Recently, @WatcherData has been trying to bring attention to this ongoing security breach in his home state of Kansas, and last month was able to get a news article about the problem published in the Kansas City Star newspaper. Over on Twitter he's also been actively documenting breaches that he's found by using an RTL-SDR to receive the pager messages.

Interestingly, publicity generated by @WatcherData's newspaper article has brought forward a hostile response from the hospital in question. Over on Reddit /r/legaladvice, a forum where anyone can ask legal advice questions, @watcherdata posted the following:

I discovered some time ago that hospitals throughout my region of the US are sending messages to physician pagers that include the name, age, sex, diagnosis, room number, and attending physician. These can be seen by anyone with a simple RTL SDR device, and a couple of free programs.

This seems like a massive HIPAA violation. So I contacted the main hospital sending out most of the information, and they were extremely grateful. I got a call within a day from a high level chairman, he explained their steps to remediate, that their auditors and penetration testers missed it, and that they would have it fixed within a week. Sure enough, they started using a patient number and no identifiable information in the pages. A couple of other hospitals have fixed their systems too, after I started contacting them via Twitter.

Early on in this process, I contacted my local newspaper. They reached out to the hospital in question, and were met with a "very hostile" response. They immediately deflected from any HIPAA violations and explained that I (the source) am in violation of the Electronic Communications Privacy Act of 1986.

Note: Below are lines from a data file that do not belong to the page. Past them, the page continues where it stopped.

lemma meaningful_args_distinct:
  assumes wf: "wf_construction d N C kind" and P: "\<forall>i<N. proj_pointK d (P i)"
    and meaningful: "meaningful d N C P"
    and k: "k < length C" and r: "r < d" "r' < d" "r \<noteq> r'"
  shows "C ! k ! r \<noteq> C ! k ! r'"
proof
  assume same: "C ! k ! r = C ! k ! r'"
  have len: "length (C ! k) = d" by (rule wf_construction_length_args[OF wf k])
  have "(evalK d N C P ! (N + k)) j = szero" if j: "j \<le> d" for j
  proof -
    let ?M = "\<lambda>r c. (map ((!) (evalK d N C P)) (C ! k) ! r) (skip j c)"
    have "\<forall>s<d. \<forall>c<d. is_puiseux (?M s c)"
    proof (intro allI impI)
      fix s c assume s: "s < d" and c: "c < d"
      have "C ! k ! s < N + length C"
        using wf_construction_args_less[OF wf k, of "C ! k ! s"] len k s by simp
      then show "is_puiseux (?M s c)"
        using evalK_is_puiseux[OF wf P _ skip_le[OF c j]] len s by simp
    qed
    then have "detK d ?M = szero"
      by (rule detK_identical_rows[OF _ r]) (simp add: len r same)
    then show ?thesis
      using j by (simp add: evalK_nth_step[OF wf k] cramerK_def sneg_def szero_def)
  qed
  then show False using meaningful k unfolding meaningful_def by blast
qed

This was enough to scare me off completely. I've nuked all log files from my systems and stopped collecting data. The reporters want to know how I would like to proceed. Originally, I was going to get full credit for the find in their article. But now, I at least need to be anonymous, and am thinking about asking them not to run the story at all.

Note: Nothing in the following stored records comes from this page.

(* Let $Z_0,Z_1,\dots$ be i.i.d. real random variables with $\mathbb{E}[Z_0]=\mu$ and $\mathbb{E}[|Z_0|^p]<\infty$ for some $p>1$. Define $X_1=Z_0$ and $X_{n+1}=X_n+\alpha_n(Z_n-X_n)$ for $n\ge1$, where $(\alpha_n)$ is a non-increasing sequence of positive numbers with $\sum_n\alpha_n=\infty$ and $\sum_n\alpha_n^p<\infty$. Then $X_n\to\mu$ almost surely. In particular this holds for $\alpha_n=\alpha(n+K)^{-\xi}$ with $\alpha,K>0$ and $\xi\in(1/p,1]$. *)

theory Defs
  imports "HOL-Probability.Probability"
begin

text \<open>Stochastic approximation iterate, indexed from 1 as in the paper:
  X_1 = Z_0 and X_{n+1} = X_n + a_n (Z_n - X_n) for n \<ge> 1.
  The value at index 0 is an irrelevant dummy (set to Z_0).\<close>
primrec sa_iter :: "(nat \<Rightarrow> real) \<Rightarrow> (nat \<Rightarrow> 'a \<Rightarrow> real) \<Rightarrow> nat \<Rightarrow> 'a \<Rightarrow> real" where
  "sa_iter a Z 0 x = Z 0 x"
| "sa_iter a Z (Suc n) x =
     (if n = 0 then Z 0 x else sa_iter a Z n x + a n * (Z n x - sa_iter a Z n x))"

end

(*
  Write e_n = X_n - mu, so that e_(n+1) = (1 - a_n) e_n + a_n (Z_n - mu). Since sum a_n = infinity
  and a_n -> 0, the indices can be cut into consecutive blocks of step-size mass between eta and
  2 eta. Over one block the recursion contracts |e| by the factor 1 - eta/2, up to the weighted
  block sum of the noise and a second-order term; hence |e_n| is eventually O(eta) as soon as,
  almost surely, the weighted block sums of Z_k - mu are eventually O(eta^2) and those of
  |Z_k - mu| are O(eta).

  These block estimates follow by truncating a_k Z_k at a level delta proportional to eta^2.
  Borel-Cantelli and the p-th moment show that the truncation is eventually inactive; the
  truncation bias over a block is bounded by the block sum of a_k^p; and a Chernoff bound for the
  bounded, centered truncations gives tail probabilities again proportional to that block sum,
  which is summable over the blocks because sum a_k^p < infinity.
*)

theory Submission
  imports Defs
begin

lemma exp_le_one_plus_quadratic:
  fixes x c :: real
  assumes "\<bar>x\<bar> \<le> c"
  shows "exp x \<le> 1 + x + x\<^sup>2 * exp c / 2"
proof -
  obtain t where t: "\<bar>t\<bar> \<le> \<bar>x\<bar>" "exp x = (\<Sum>m<2. x ^ m / fact m) + exp t / fact 2 * x ^ 2"
    using Maclaurin_exp_le[of x 2] by blast
  have "exp x = 1 + x + exp t * x\<^sup>2 / 2" using t(2) by (simp add: numeral_2_eq_2)
  also have "exp t * x\<^sup>2 / 2 \<le> exp c * x\<^sup>2 / 2"
    using t(1) assms by (intro divide_right_mono mult_right_mono) auto
  finally show ?thesis by (simp add: algebra_simps)
qed

lemma ln_squared_le_sqrt:
  fixes y :: real
  assumes "1 \<le> y"
  shows "(ln y)\<^sup>2 \<le> 16 * sqrt y"
proof -
  have y: "0 < y" using assms by simp
  have "ln y = 4 * ln (y powr (1/4))" using y by (simp add: ln_powr)
  also have "ln (y powr (1/4)) \<le> y powr (1/4) - 1" using y by (intro ln_le_minus_one) auto
  finally have "ln y \<le> 4 * y powr (1/4)" by simp
  then have "(ln y)\<^sup>2 \<le> (4 * y powr (1/4))\<^sup>2" using assms by (intro power_mono) auto
  also have "\<dots> = 16 * y powr (1/2)" by (simp add: power2_eq_square powr_add[symmetric])
  finally show ?thesis using y by (simp add: powr_half_sqrt)
qed

lemma square_le_powr_mult_powr:
  fixes y \<delta> q :: real
  assumes "0 \<le> y" "y \<le> \<delta>" "q \<le> 2"
  shows "y\<^sup>2 \<le> \<delta> powr (2 - q) * y powr q"
proof (cases "y = 0")
  case False
  then have "y\<^sup>2 = y powr q * y powr (2 - q)" using assms by (simp add: powr_add[symmetric])
  also have "\<dots> \<le> y powr q * \<delta> powr (2 - q)" using assms by (intro mult_left_mono powr_mono2) auto
  finally show ?thesis by (simp add: mult.commute)
qed simp

lemma le_powr_div_powr:
  fixes y \<delta> p :: real
  assumes "0 < \<delta>" "\<delta> \<le> y" "1 \<le> p"
  shows "y \<le> y powr p / \<delta> powr (p - 1)"
proof -
  have "y * \<delta> powr (p - 1) \<le> y * y powr (p - 1)" using assms by (intro mult_left_mono powr_mono2) auto
  also have "\<dots> = y powr p" using assms powr_mult_base[of y "p - 1"] by simp
  finally show ?thesis using assms by (simp add: field_simps)
qed

lemma powr_le_one_plus_powr:
  fixes y q p :: real
  assumes "0 \<le> y" "0 < q" "q \<le> p"
  shows "y powr q \<le> 1 + y powr p"
proof (cases "y \<le> 1")
  case True
  then have "y powr q \<le> 1" using assms by (intro powr_le1) auto
  then show ?thesis by (simp add: add_increasing2)
next
  case False
  then have "y powr q \<le> y powr p" using assms by (intro powr_mono) auto
  then show ?thesis by simp
qed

Among the replies there doesn't seem to be consensus on whether simply receiving pager messages in the USA is legal or not.

In the past we've seen similar attempts to bring attention to these privacy breaches, such as an art installation in New York called Holypager, which simply continuously printed out all pager messages that were received with a HackRF for gallery patrons to read.

HolyPager Art Installation. HackRF One, Antenna and Raspberry Pi seen under the shelf.
HolyPager Art Installation. Printing pager messages continuously.